Documentary filmmaking has always been an important tool of activism and education, but for Rosie Dransfeld, politics must be tempered by artistic concerns. “My films have a message, a political issue behind them,” she says. “But it is as important to create films that are entertaining and engaging.”

Dransfeld has become one of Canada’s most celebrated contemporary cinema verité directors. She insists on using only natural lighting and low-impact filmmaking, ensuring that the film crew understands where the story lies. The goal for her is to reach deep into the heart of a world too often hidden from view, but to do so in ways that connect the audience to the subjects on screen and provoke reflection from both.

It is this ability to capture the full humanity of her subjects and place them at the centre of stories that resonate with emotion that led Hot Docs to name Dransfeld “the master of verité cinema.” As Hot Docs states, “Her films are powerful encounters of the human condition and invite audiences to take another look at reality, balancing on a thin line between laughter and tears.”

That invitation is not so much to change the world as it is to change one’s own attitudes.
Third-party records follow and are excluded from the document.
text \<open>Equality of group elements = equality on [-1,1].\<close>
definition is_id :: "(real \<Rightarrow> real) \<Rightarrow> bool" where
  "is_id f \<longleftrightarrow> (\<forall>t\<in>{-1..1}. f t = t)"

end

theory Submission
  imports Defs
begin

text \<open>
  The test elements are piecewise-linear maps g with two interior knots (p, P) and (q, R).
  Substituting t = g(s) turns Q(f, g) into the integral of f g', a combination of the values
  at p and q of the primitive F(u) = integral of f over [-1, u], weighted by the slopes of g.
  Moving the knot values to P = p + \<epsilon>(1 - p), R = q - \<epsilon>(1 + q) keeps the integral of g zero
  and makes Q(f, g) = 2\<epsilon>/(q - p) D(p, q) with D(p, q) = F(p)(1 + q)/(1 + p) - F(q)(1 - p)/(1 - q),
  so Q takes both signs as soon as D(p, q) \<noteq> 0. If D vanished for all p < q, then
  F(x) = F(0)(1 - x^2), and differentiating forces f = i. For p = -q the perturbed g is odd,
  and D(-q, q) is a nonzero multiple of F(-q) - F(q), which vanishes for all q only if f is odd.
\<close>

definition line_through :: "real \<Rightarrow> real \<Rightarrow> real \<Rightarrow> real \<Rightarrow> real \<Rightarrow> real" where
  "line_through x0 y0 x1 y1 x = y0 + (x - x0) * ((y1 - y0) / (x1 - x0))"

lemma line_through_left [simp]: "line_through x0 y0 x1 y1 x0 = y0"
  by (simp add: line_through_def)

lemma line_through_right [simp]: "x0 \<noteq> x1 \<Longrightarrow> line_through x0 y0 x1 y1 x1 = y1"
  by (simp add: line_through_def)

lemma line_through_less_iff:
  assumes "x0 < x1" "y0 < y1"
  shows "line_through x0 y0 x1 y1 x < line_through x0 y0 x1 y1 x' \<longleftrightarrow> x < x'"
  using assms by (simp add: line_through_def divide_less_cancel mult_less_cancel_right)

lemma line_through_le_iff:
  assumes "x0 < x1" "y0 < y1"
  shows "line_through x0 y0 x1 y1 x \<le> line_through x0 y0 x1 y1 x' \<longleftrightarrow> x \<le> x'"
  using assms by (simp add: line_through_def divide_le_cancel mult_le_cancel_right)
lemma integral_radial_wavelet_res:
  fixes J :: "real \<Rightarrow> real"
  assumes "p > 1" "\<not> int p dvd int k" "integrable (Haar p) (\<lambda>z. J (padic_abs p z))"
  shows "(\<integral>z. complex_of_real (J (padic_abs p z)) * wavelet_res p N k (u - int (zp_trunc p (Suc N) z)) \<partial>Haar p) =
    Jhat p J (Suc N) * wavelet_res p N k u"
proof -
  define I0 where "I0 = (LINT z:{z \<in> space (Haar p). zp_trunc p (Suc N) z = 0}|Haar p. complex_of_real (J (padic_abs p z)))"
  define \<rho> where "\<rho> = complex_of_real ((1 / real p) ^ Suc N)"
  define w where "w m = complex_of_real (J (real p powr - real m))" for m
  have "p > 0"
    using assms(1) by simp
  have decomposition: "(\<integral>z. complex_of_real (J (padic_abs p z)) * h (zp_trunc p (Suc N) z) \<partial>Haar p) =
      h 0 * I0 + \<rho> * (\<Sum>c<p ^ Suc N. h c * radial_weight p w c)" for h
    unfolding I0_def \<rho>_def w_def by (rule integral_radial_mult_zp_trunc[OF \<open>p > 0\<close> assms(3)])
  note wavelet_sum = sum_radial_weight_wavelet_res[OF assms(1,2), of N u w]
  note char_sum = sum_radial_weight_cis[OF assms(1), of N w]
  have "Jhat p J (Suc N) =
      (\<integral>z. complex_of_real (J (padic_abs p z)) * cis (2 * pi * real (zp_trunc p (Suc N) z) / real (p ^ Suc N)) \<partial>Haar p)"
    by (simp add: Jhat_def FT_Zp_def mult.commute)
  also have "\<dots> = I0 - \<rho> * w N"
    unfolding decomposition[of "\<lambda>c. cis (2 * pi * real c / real (p ^ Suc N))"] char_sum by simp
  finally have Jhat_eq: "Jhat p J (Suc N) = I0 - \<rho> * w N" .
  show ?thesis
    unfolding decomposition[of "\<lambda>c. wavelet_res p N k (u - int c)"] wavelet_sum Jhat_eq
    by (simp add: algebra_simps)
qed

lemma Jop_const_one:
  fixes J :: "real \<Rightarrow> real"
  assumes "p > 0" "integrable (Haar p) (\<lambda>z. J (padic_abs p z))" "(\<integral>z. J (padic_abs p z) \<partial>Haar p) = 1"
  shows "Jop p J (\<lambda>_. 1) x = 0"
proof -
  have "(\<integral>y. complex_of_real (J (padic_abs p (zp_sub p x y))) \<partial>Haar p) =
      (\<integral>z. complex_of_real (J (padic_abs p z)) \<partial>Haar p)"
    using assms(1) borel_measurable_integrable[OF integrable_of_real[OF assms(2)]]
    by (rule integral_Haar_zp_sub)
  then show ?thesis
    using assms(3) by (simp add: Jop_def)
qed
lemma subtrees_trans:
  assumes "B \<in> subtrees A" and "C \<in> subtrees B"
  shows "C \<in> subtrees A"
proof -
  obtain v w where "subtree_at A v = Some B" and "subtree_at B w = Some C"
    using assms unfolding subtrees_def by blast
  then have "subtree_at A (v @ w) = Some C"
    by (simp add: subtree_at_append)
  then show ?thesis
    unfolding subtrees_def by blast
qed

fun params_leaves :: "('q, 'g) rlab tree \<Rightarrow> bool" where
  "params_leaves (Node a ts) = ((\<forall>j. a = Par j \<longrightarrow> ts = []) \<and> (\<forall>t\<in>set ts. params_leaves t))"

lemma wf_rhs_params_leaves: "wf_rhs M k m z \<Longrightarrow> params_leaves z"
  by (induction z) (auto split: rlab.splits)

lemma params_leaves_psubst:
  "params_leaves t \<Longrightarrow> \<forall>a\<in>set args. params_leaves a \<Longrightarrow> params_leaves (psubst args t)"
  by (induction t) (auto split: rlab.splits)

lemma psubst_Node_nonpar: "\<forall>j. a \<noteq> Par j \<Longrightarrow> psubst args (Node a ts) = Node a (map (psubst args) ts)"
  by (cases a) auto

lemma lcof_no_par: "\<not> has_par_in Y t \<Longrightarrow> lcof Y t = Node Dollar []"
  by (cases t) auto

lemma has_par_in_psubst:
  assumes "params_leaves t" and "has_par_in {j} t" and "1 \<le> j" and "j \<le> length args"
    and "has_par_in Y (args ! (j - 1))"
  shows "has_par_in Y (psubst args t)"
  using assms
proof (induction t)
  case (Node a ts)
  show ?case
  proof (cases "a = Par j")
    case True
    with Node.prems show ?thesis by simp
  next
    case False
    then obtain c where c: "c \<in> set ts" "has_par_in {j} c"
      using Node.prems by auto
    then have "\<forall>j'. a \<noteq> Par j'"
      using Node.prems by auto
    note ps = psubst_Node_nonpar[OF this, of args ts]
    have "has_par_in Y (psubst args c)"
      using Node.IH c Node.prems by simp
    with c(1) show ?thesis
      unfolding ps by auto
  qed
qed

lemma lcof_arg_in_subtrees_lcof_psubst:
  assumes "params_leaves t" and "has_par_in {j} t" and "1 \<le> j" and "j \<le> length args"
    and "has_par_in Y (args ! (j - 1))"
  shows "lcof Y (args ! (j - 1)) \<in> subtrees (lcof Y (psubst args t))"
  using assms
proof (induction t)
  case (Node a ts)
  show ?case
  proof (cases "a = Par j")
    case True
    with Node.prems show ?thesis
      by (simp add: self_in_subtrees)
  next
    case False
    then obtain c where c: "c \<in> set ts" "has_par_in {j} c"
      using Node.prems by auto
    then have "\<forall>j'. a \<noteq> Par j'"
      using Node.prems by auto
    note ps = psubst_Node_nonpar[OF this, of args ts]
    have "has_par_in Y (psubst args (Node a ts))"
      using has_par_in_psubst[OF Node.prems] .
    then have "lcof Y (psubst args (Node a ts)) = Node a (map (lcof Y \<circ> psubst args) ts)"
      unfolding ps by simp
    moreover have "lcof Y (args ! (j - 1)) \<in> subtrees (lcof Y (psubst args c))"
      using Node.IH c Node.prems by simp
    ultimately show ?thesis
      using c by (auto simp: subtrees_Node)
  qed
qed

lemma abstracts_lcof_psubst:
  assumes "params_leaves t" and "1 \<le> l" and "l \<le> length args" and "has_par_in Y (args ! (l - 1))"
  shows "abstracts l (lcof {l} t) (lcof Y (psubst args t))"
  using assms
proof (induction t)
  case (Node a ts)
  show ?case
  proof (cases "has_par_in {l} (Node a ts)")
    case False
    then show ?thesis by (simp add: abstracts_Dollar)
  next
    case has_l: True
    show ?thesis
    proof (cases "\<exists>j. a = Par j")
      case True
      with has_l Node.prems(1) show ?thesis
        by (auto simp: abstracts_Par)
    next
      case False
      then have "\<forall>j. a \<noteq> Par j"
        by simp
      note ps = psubst_Node_nonpar[OF this, of args ts]
      have "has_par_in Y (psubst args (Node a ts))"
        using has_par_in_psubst[OF Node.prems(1) has_l Node.prems(2-4)] .
      then have "lcof Y (psubst args (Node a ts)) = Node a (map (lcof Y \<circ> psubst args) ts)"
        unfolding ps by simp
      moreover have "abstracts l (lcof {l} c) (lcof Y (psubst args c))" if "c \<in> set ts" for c
        using Node.IH that Node.prems by simp
      ultimately show ?thesis
        using has_l by (auto intro!: abstracts_Node simp: list_all2_conv_all_nth)
    qed
  qed
qed

text \<open>\<open>tr q i\<close> stands for the translation \<open>M\<^sub>q(s\<^sub>i)\<close> of the \<open>i\<close>-th input child.\<close>

definition nondeleting_table :: "('q, 'p, 'f, 'g) mttr \<Rightarrow> nat \<Rightarrow> ('q \<Rightarrow> nat \<Rightarrow> ('q, 'g) rlab tree) \<Rightarrow> bool" where
  "nondeleting_table M k tr \<longleftrightarrow>
     (\<forall>q\<in>states M. \<forall>i. 1 \<le> i \<and> i \<le> k \<longrightarrow> params_leaves (tr q i) \<and>
        (\<forall>j. 1 \<le> j \<and> j \<le> rkQ M q \<longrightarrow> has_par_in {j} (tr q i)))"

lemma params_leaves_eval_rhs:
  "wf_rhs M k m z \<Longrightarrow> (\<And>q i. q \<in> states M \<Longrightarrow> 1 \<le> i \<Longrightarrow> i \<le> k \<Longrightarrow> params_leaves (tr q i))
   \<Longrightarrow> params_leaves (eval_rhs tr z)"
proof (induction z)
  case (Node a ts)
  then show ?case
    by (cases a) (auto intro!: params_leaves_psubst)
qed

lemma has_par_in_eval_rhs:
  "wf_rhs M k m z \<Longrightarrow> nondeleting_table M k tr \<Longrightarrow> has_par_in Y z \<Longrightarrow> has_par_in Y (eval_rhs tr z)"
proof (induction z)
  case (Node a ts)
  show ?case
  proof (cases a)
    case (Call q i)
    obtain n where n: "n < length ts" "has_par_in Y (ts ! n)"
      using Node.prems Call by (auto simp: in_set_conv_nth)
    have call: "q \<in> states M" "1 \<le> i" "i \<le> k" "length ts = rkQ M q"
      using Node.prems(1) Call by auto
    have "has_par_in Y (eval_rhs tr (ts ! n))"
      using Node n by (metis nth_mem wf_rhs.simps)
    moreover have "params_leaves (tr q i)" "has_par_in {Suc n} (tr q i)"
      using Node.prems(2) call n unfolding nondeleting_table_def by auto
    ultimately show ?thesis
      using Call n has_par_in_psubst[of "tr q i" "Suc n" "map (eval_rhs tr) ts" Y] by simp
  qed (use Node in auto)
qed

definition child_translations :: "('q, 'p, 'f, 'g) mttr \<Rightarrow> 'f tree list \<Rightarrow> 'q \<Rightarrow> nat \<Rightarrow> ('q, 'g) rlab tree" where
  "child_translations M ss q i = (if 1 \<le> i \<and> i \<le> length ss then translate M (ss ! (i - 1)) q else Node Dollar [])"

lemma translate_Node:
  "translate M (Node \<sigma> ss) q = eval_rhs (child_translations M ss) (rhs M q \<sigma> (map (run M) ss))"
proof -
  have "child_translations M ss = (\<lambda>q i. if 1 \<le> i \<and> i \<le> length ss
      then (map (translate M) ss ! (i - 1)) q else Node Dollar [])"
    by (auto simp: fun_eq_iff child_translations_def)
  then show ?thesis
    by simp
qed

lemma run_in_lstates: "wf_mttr M \<Longrightarrow> wf_in M s \<Longrightarrow> run M s \<in> lstates M"
proof (induction s)
  case (Node \<sigma> ss)
  then have "set (map (run M) ss) \<subseteq> lstates M" by auto
  with Node.prems show ?case
    unfolding wf_mttr_def valid_la_args_def by auto
qed

lemma valid_la_args_run: "wf_mttr M \<Longrightarrow> wf_in M (Node \<sigma> ss) \<Longrightarrow> valid_la_args M \<sigma> (map (run M) ss)"
  using run_in_lstates unfolding valid_la_args_def by fastforce

lemma wf_rhs_rhs_run:
  "wf_mttr M \<Longrightarrow> wf_in M (Node \<sigma> ss) \<Longrightarrow> q \<in> states M \<Longrightarrow>
   wf_rhs M (length ss) (rkQ M q) (rhs M q \<sigma> (map (run M) ss))"
  using valid_la_args_run[of M \<sigma> ss] unfolding wf_mttr_def by auto

lemma params_leaves_translate:
  "wf_mttr M \<Longrightarrow> wf_in M s \<Longrightarrow> q \<in> states M \<Longrightarrow> params_leaves (translate M s q)"
proof (induction s arbitrary: q)
  case (Node \<sigma> ss)
  show ?case
    unfolding translate_Node
    by (rule params_leaves_eval_rhs[OF wf_rhs_rhs_run[OF Node.prems]])
      (use Node in \<open>auto simp: child_translations_def\<close>)
qed

lemma occurs_par_iff_has_par_in: "occurs_par j t \<longleftrightarrow> has_par_in {j} t"
  by (induction t) auto

lemma has_par_in_translate:
  assumes "wf_mttr M" and "nondeleting M" and "wf_in M s" and "q \<in> states M"
    and "1 \<le> j" and "j \<le> rkQ M q"
  shows "has_par_in {j} (translate M s q)"
  using assms
proof (induction s arbitrary: q j)
  case (Node \<sigma> ss)
  have "has_par_in {j} (rhs M q \<sigma> (map (run M) ss))"
    using Node.prems valid_la_args_run[of M \<sigma> ss]
    unfolding nondeleting_def occurs_par_iff_has_par_in[symmetric] by auto
  moreover have "nondeleting_table M (length ss) (child_translations M ss)"
    using Node params_leaves_translate[OF Node.prems(1)]
    by (auto simp: nondeleting_table_def child_translations_def)
  ultimately show ?case
    unfolding translate_Node
    using has_par_in_eval_rhs wf_rhs_rhs_run[OF Node.prems(1,3,4)] by blast
qed

lemma nondeleting_table_child_translations:
  "wf_mttr M \<Longrightarrow> nondeleting M \<Longrightarrow> \<forall>s\<in>set ss. wf_in M s \<Longrightarrow>
   nondeleting_table M (length ss) (child_translations M ss)"
  using params_leaves_translate has_par_in_translate
  by (fastforce simp: nondeleting_table_def child_translations_def)
theorem mainTheorem5:
  fixes \<alpha> :: complex and a0 a1 a2 :: int
  assumes "Re \<alpha> \<in> \<rat>" and "Im \<alpha> \<in> \<rat>" and "Im \<alpha> \<noteq> 0"
    and "cmod \<alpha> > 1"
    and "a2 > 0" and "gcd a0 (gcd a1 a2) = 1"
    and "of_int a2 * \<alpha>\<^sup>2 + of_int a1 * \<alpha> + of_int a0 = 0"
  shows "finiteness_property \<alpha> a0 \<longleftrightarrow>
         (\<forall>N \<in> V_alpha \<alpha> a0 a1 a2. has_int_expansion \<alpha> a0 N)"
proof -
  interpret nonreal_quadratic_root \<alpha> a0 a1 a2
    using assms by unfold_locales
  show ?thesis
    unfolding finiteness_property_iff_tau_r V_alpha_expansions_iff_tau_r
    by (rule tau_r_terminates_all_iff_V_r)
qed

end
lemma Pk_log_ratio_has_integral_nonneg:
  assumes a: "0 \<le> a" "a \<le> 1"
  shows "((\<lambda>h. Pk_log_ratio h a) has_integral pi\<^sup>2 / 3) {-1..1}"
proof -
  have upper: "((\<lambda>h. Pk_log_ratio h a) has_integral
      2 * dilog (2 * a / (1 + a)) - 2 * dilog ((a - 1) / (1 + a))) {-a..1}"
    by (rule has_integral_spike_finite[OF _ _ has_integral_log_ratio_upper[OF a], of "{-1}"])
       (use a in \<open>auto simp: Pk_log_ratio_upper\<close>)
  show ?thesis
  proof (cases "a = 1")
    case True
    then show ?thesis
      using upper by (simp add: dilog_1)
  next
    case False
    then have "a < 1"
      using a by simp
    have lower: "((\<lambda>h. Pk_log_ratio h a) has_integral
        (ln (2 / (1 - a)))\<^sup>2 + 2 * dilog ((1 + a) / 2) - (ln ((1 + a) / (1 - a)))\<^sup>2
        - 2 * dilog (2 * a / (1 + a))) {-1..-a}"
      by (rule has_integral_spike_finite[OF _ _ has_integral_log_ratio_lower[OF a(1) \<open>a < 1\<close>], of "{}"])
         (use a \<open>a < 1\<close> in \<open>auto simp: Pk_log_ratio_lower\<close>)
    have "- 1 \<le> - a" "- a \<le> 1"
      using a by auto
    from has_integral_combine[OF this lower upper] show ?thesis
      by (rule has_integral_eq_rhs) (use dilog_Landen_reparametrized[OF a(1) \<open>a < 1\<close>] in linarith)
  qed
qed
(* Consider the uncertain system $x^j_{t+1}=Ax^j_t+Bu^j_t+w^j_t$ at iteration $j\ge 1$ in closed loop with the LMPC input $u^j_t=\pi^{j,*}_{t|t}(x^j_t)$ (both described in the context). Suppose $x^j_0\in\mathcal{C}^j$. Then for every time $t\ge 0$ and every disturbance realization with $w^j_t\in\mathcal{W}$, the optimal control problem $C^{\mathrm{LMPC},j}_{t\to t+N}(x^j_t,N^j_t)$ is feasible for some $N^j_t\in\{0,\dots,N\}$, and the closed-loop system satisfies $x^j_t\in\mathcal{X}$ and $u^j_t\in\mathcal{U}$ for all $t\ge 0$.
   Context: System: $x_{t+1}=Ax_t+Bu_t+w_t$ with known $A\in\mathbb{R}^{n\times n}$, $B\in\mathbb{R}^{n\times d}$. The disturbances take values in $\mathcal{W}\subset\mathbb{R}^n$, a compact polytope containing the origin with vertices $v_w^1,\dots,v_w^l$. Constraints: $x_t\in\mathcal{X}$, $u_t\in\mathcal{U}$, with $\mathcal{X}\subset\mathbb{R}^n$, $\mathcal{U}\subset\mathbb{R}^d$ convex, compact, containing the origin. A gain $K$ and a polyhedron $\mathcal{O}\subset\mathcal{X}$ with vertices $v_o^1,\dots,v_o^m$ are given such that $x\in\mathcal{O}\Rightarrow (A+BK)x+w\in\mathcal{O}$ for all $w\in\mathcal{W}$; $K\mathcal{O}=\{Kx:x\in\mathcal{O}\}$. Write $|x|_{\mathcal{S}}=\inf_{y\in\mathcal{S}}\|x-y\|_2$. The stage cost $h:\mathbb{R}^n\times\mathbb{R}^d\to\mathbb{R}$ is continuous and jointly convex, and there are $\mathcal{K}_\infty$ functions with $\alpha^l_x(|x|_\mathcal{O})\le h(x,0)\le\alpha^u_x(|x|_\mathcal{O})$ and $\alpha^l_u(|u|_{K\mathcal{O}})\le h(0,u)\le\alpha^u_u(|u|_{K\mathcal{O}})$ for all $x,u$. A horizon $N\ge1$ is fixed. Data-based construction. Set $\mathcal{CS}^0=\mathcal{O}$, $\mathbf{X}^0=[v_o^1,\dots,v_o^m]$, $\mathbf{U}^0=[Kv_o^1,\dots,Kv_o^m]$, $\mathbf{J}^0=[0,\dots,0]$, $Q^0\equiv0$ on $\mathcal{O}$. For each previous iteration $i\in\{1,\dots,j-1\}$ there are a duration $T^i$, a stored closed-loop trajectory $x^i_0,\dots,x^i_{T^i}$ and, for each $t\in\{0,\dots,T^i\}$, an $N$-step policy $\boldsymbol{\pi}^{i,*}_t=[\pi^{i,*}_{t|t},\dots,\pi^{i,*}_{t+N-1|t}]$ (maps $\mathbb{R}^n\to\mathbb{R}^d$) with $x^i_{t+1}=Ax^i_t+B\pi^{i,*}_{t|t}(x^i_t)+w^i_t$, such that (standing assumption) the predicted system $x_{s+1|t}=Ax_{s|t}+B\pi^{i,*}_{s|t}(x_{s|t})+w_{s|t}$, $s=t,\dots,t+N-1$, $x_{t|t}=x^i_t$, satisfies $x_{s|t}\in\mathcal{X}$, $\pi^{i,*}_{s|t}(x_{s|t})\in\mathcal{U}$ and $x_{t+N|t}\in\mathcal{CS}^{i-1}$ for all disturbances in $\mathcal{W}$. Reachable sets: $\mathcal{R}^i_{t\to t}=\{x^i_t\}$, $\mathcal{R}^i_{t\to s+1}=\{Ax+B\pi^{i,*}_{s|t}(x)+w: x\in\mathcal{R}^i_{t\to s},w\in\mathcal{W}\}$. Then $\mathcal{CS}^i=\mathrm{Conv}\big(\bigcup_{t=0}^{T^i}\bigcup_{s=t}^{t+N}\mathcal{R}^i_{t\to s}\cup\mathcal{CS}^{i-1}\big)$. For $s\in\{t,\dots,t+N\}$ let $v^{i,1}_{s|t},\dots,v^{i,l^{s-t}}_{s|t}$ be the vertices of $\mathcal{R}^i_{t\to s}$. Define costs-to-go backwards: $J^i_{t+N|t}(v^{i,r}_{t+N|t})=Q^{i-1}(v^{i,r}_{t+N|t})$ and, for $s=t+N-1,\dots,t$ and $v=v^{i,r}_{s|t}$, $J^i_{s|t}(v)=\min_{\gamma\ge0}\, h(v,\pi^{i,*}_{s|t}(v))+\sum_q\gamma_qJ^i_{s+1|t}(v^{i,q}_{s+1|t})$ s.t. $\sum_q\gamma_qv^{i,q}_{s+1|t}=Av+B\pi^{i,*}_{s|t}(v)$, $\sum_q\gamma_q=1$. The matrices $\mathbf{X}^i,\mathbf{U}^i$ and row vector $\mathbf{J}^i$ are obtained from $\mathbf{X}^{i-1},\mathbf{U}^{i-1},\mathbf{J}^{i-1}$ by appending, for all $t\in\{0,\dots,T^i\}$, $s\in\{t,\dots,t+N-1\}$ and all $r$, the columns $v^{i,r}_{s|t}$, $\pi^{i,*}_{s|t}(v^{i,r}_{s|t})$ and the entries $J^i_{s|t}(v^{i,r}_{s|t})$. Let $\Lambda^i(x)=\{\lambda\ge0:\mathbf{X}^i\lambda=x,\ \mathbf{1}^\top\lambda=1\}$ and $Q^i(x)=\min_{\lambda\in\Lambda^i(x)}\mathbf{J}^i\lambda$. LMPC at iteration $j$. For $x\in\mathbb{R}^n$ and $N_t\in\{0,\dots,N\}$, $C^{\mathrm{LMPC},j}_{t\to t+N}(x,N_t)$ is the optimal value ($+\infty$ if infeasible) of: minimize over matrices $M_{ks}$ ($t\le s<k$), vectors $g_k$ and multiplier policies $\lambda_{k|t}$ the cost $\sum_{k=t}^{t+N-1}h(\bar x_{k|t},\pi_{k|t}(\bar x_{k|t}))+Q^{j-1}(\bar x_{t+N|t})$ subject to $x_{t|t}=\bar x_{t|t}=x$; $\bar x_{k+1|t}=A\bar x_{k|t}+B\pi_{k|t}(\bar x_{k|t})$; $x_{k+1|t}=Ax_{k|t}+B\pi_{k|t}(x_{k|t})+w_{k|t}$; $x_{k|t}\in\mathcal{X}$, $\pi_{k|t}(x_{k|t})\in\mathcal{U}$; $x_{t+N|t}\in\mathcal{CS}^{j-1}$; for $k\in\{t,\dots,t+N_t-1\}$, $\pi_{k|t}=\sum_{s=t}^{k-1}M_{ks}w_{s|t}+g_k$ (disturbance feedback); for $k\in\{t+N_t,\dots,t+N-1\}$, $\pi_{k|t}(x_{k|t})=\mathbf{U}^{j-1}\lambda_{k|t}$ with $\lambda_{k|t}\in\Lambda^{j-1}(x_{k|t})$; all for all $w_{k|t}\in\mathcal{W}$, $k=t,\dots,t+N-1$. At state $x^j_t$ one takes $N^{j,*}_t$ minimizing $C^{\mathrm{LMPC},j}_{t\to t+N}(x^j_t,\cdot)$, lets $\boldsymbol{\pi}^{j,*}_t=[\pi^{j,*}_{t|t},\dots,\pi^{j,*}_{t+N-1|t}]$ be the corresponding optimal policy, and applies $u^j_t=\pi^{j,*}_{t|t}(x^j_t)$. The set $\mathcal{C}^j=\{x:\exists N_0\in\{0,\dots,N\},\ C^{\mathrm{LMPC},j}_{0\to N}(x,N_0)<\infty\}$.
   Formalization: The terminal set $\mathcal{O}$ also satisfies the input constraint, $K\mathcal{O}\subseteq\mathcal{U}$, and every reachable set $\mathcal{R}^i_{t\to s}$ of earlier iterations is a polytope. Each condition added here is assumed in the paper as well or is needed for the statement above to hold. *)

theory Defs
  imports "HOL-Analysis.Analysis"
begin

definition Kinf :: "(real \<Rightarrow> real) \<Rightarrow> bool" where
  "Kinf \<alpha> \<longleftrightarrow> continuous_on {0..} \<alpha> \<and> \<alpha> 0 = 0 \<and> strict_mono_on {0..} \<alpha>
      \<and> filterlim \<alpha> at_top at_top"

text \<open>Reachable sets R^i_{t -> t+k} of iteration i from stored state x^i_t under the
  stored policies pol i t s = pi^{i,*}_{s|t}.\<close>
fun reach :: "real^'n^'n \<Rightarrow> real^'d^'n \<Rightarrow> (real^'n) set
    \<Rightarrow> (nat \<Rightarrow> nat \<Rightarrow> real^'n) \<Rightarrow> (nat \<Rightarrow> nat \<Rightarrow> nat \<Rightarrow> real^'n \<Rightarrow> real^'d)
    \<Rightarrow> nat \<Rightarrow> nat \<Rightarrow> nat \<Rightarrow> (real^'n) set" where
  "reach A B W xt pol i t 0 = {xt i t}"
| "reach A B W xt pol i t (Suc k) =
     {A *v x + B *v pol i t (t + k) x + w | x w. x \<in> reach A B W xt pol i t k \<and> w \<in> W}"

primrec CSset :: "real^'n^'n \<Rightarrow> real^'d^'n \<Rightarrow> (real^'n) set \<Rightarrow> nat \<Rightarrow> (real^'n) set
    \<Rightarrow> (nat \<Rightarrow> nat) \<Rightarrow> (nat \<Rightarrow> nat \<Rightarrow> real^'n) \<Rightarrow> (nat \<Rightarrow> nat \<Rightarrow> nat \<Rightarrow> real^'n \<Rightarrow> real^'d)
    \<Rightarrow> nat \<Rightarrow> (real^'n) set" where
  "CSset A B W N Ob T xt pol 0 = Ob"
| "CSset A B W N Ob T xt pol (Suc i) =
     convex hull ((\<Union>t\<in>{..T (Suc i)}. \<Union>k\<in>{..N}. reach A B W xt pol (Suc i) t k)
                  \<union> CSset A B W N Ob T xt pol i)"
Dransfeld hopes that her films have contributed to political conversations. And perhaps they have, obliquely. Alberta is now having a debate about payday lenders and the financial traps we lay for impoverished people who can’t access conventional banking systems. This issue was the subject of the award-winning Broke. Canada is finally having conversations about sex worker rights and safety. Who Cares? was released at the start of debates on Bill C-36, The Protection of Communities and Exploited Persons Act. The Truth and Reconciliation Commission brought to the forefront the bleak history of Canada’s abuse of First Nations children. Chris Hoard, a main character in both Broke and Anti-Social Limited is a survivor of the infamous Sixties Scoop, when the government forcibly took Aboriginal children from their families and placed them in foster homes. Without human stories to connect with, these problems would feel too remote and hopeless.

Since her first feature, the quirky Beaverman (2002), Dransfeld has built her career on cinema verité explorations of people on the edges of society, surviving against systemic racism, sexism, family abuse and the grinding cycles of poverty. She eschews the polemical for “the good, well-crafted story” that offers honest depictions of real people up against untenable odds.

Her opportunity to become an independent filmmaker was the result of a move from the cosmopolitan city of Hamburg to Edmonton, then Canada’s heartland of right-wing populism. 1998 was a critical juncture in the national film and media sector. The NFB was shuttering studios and firing in-house creators. News agencies were concentrating in major urban centres, leaving regional studios gutted. In Germany, Dransfeld worked first as a print journalist, then made the switch to television where she contributed investigative pieces for the German public broadcaster, and also created political satire pieces for the long-standing comedy series Extra Dry. In Canada, she expected to continue in that line of work but could only find what she calls “cat stuck in tree” journalism. Looking around for options, Dransfeld was excited by the dedication to long-form storytelling provided by public broadcasters like the CBC, TVO and the National Film Board.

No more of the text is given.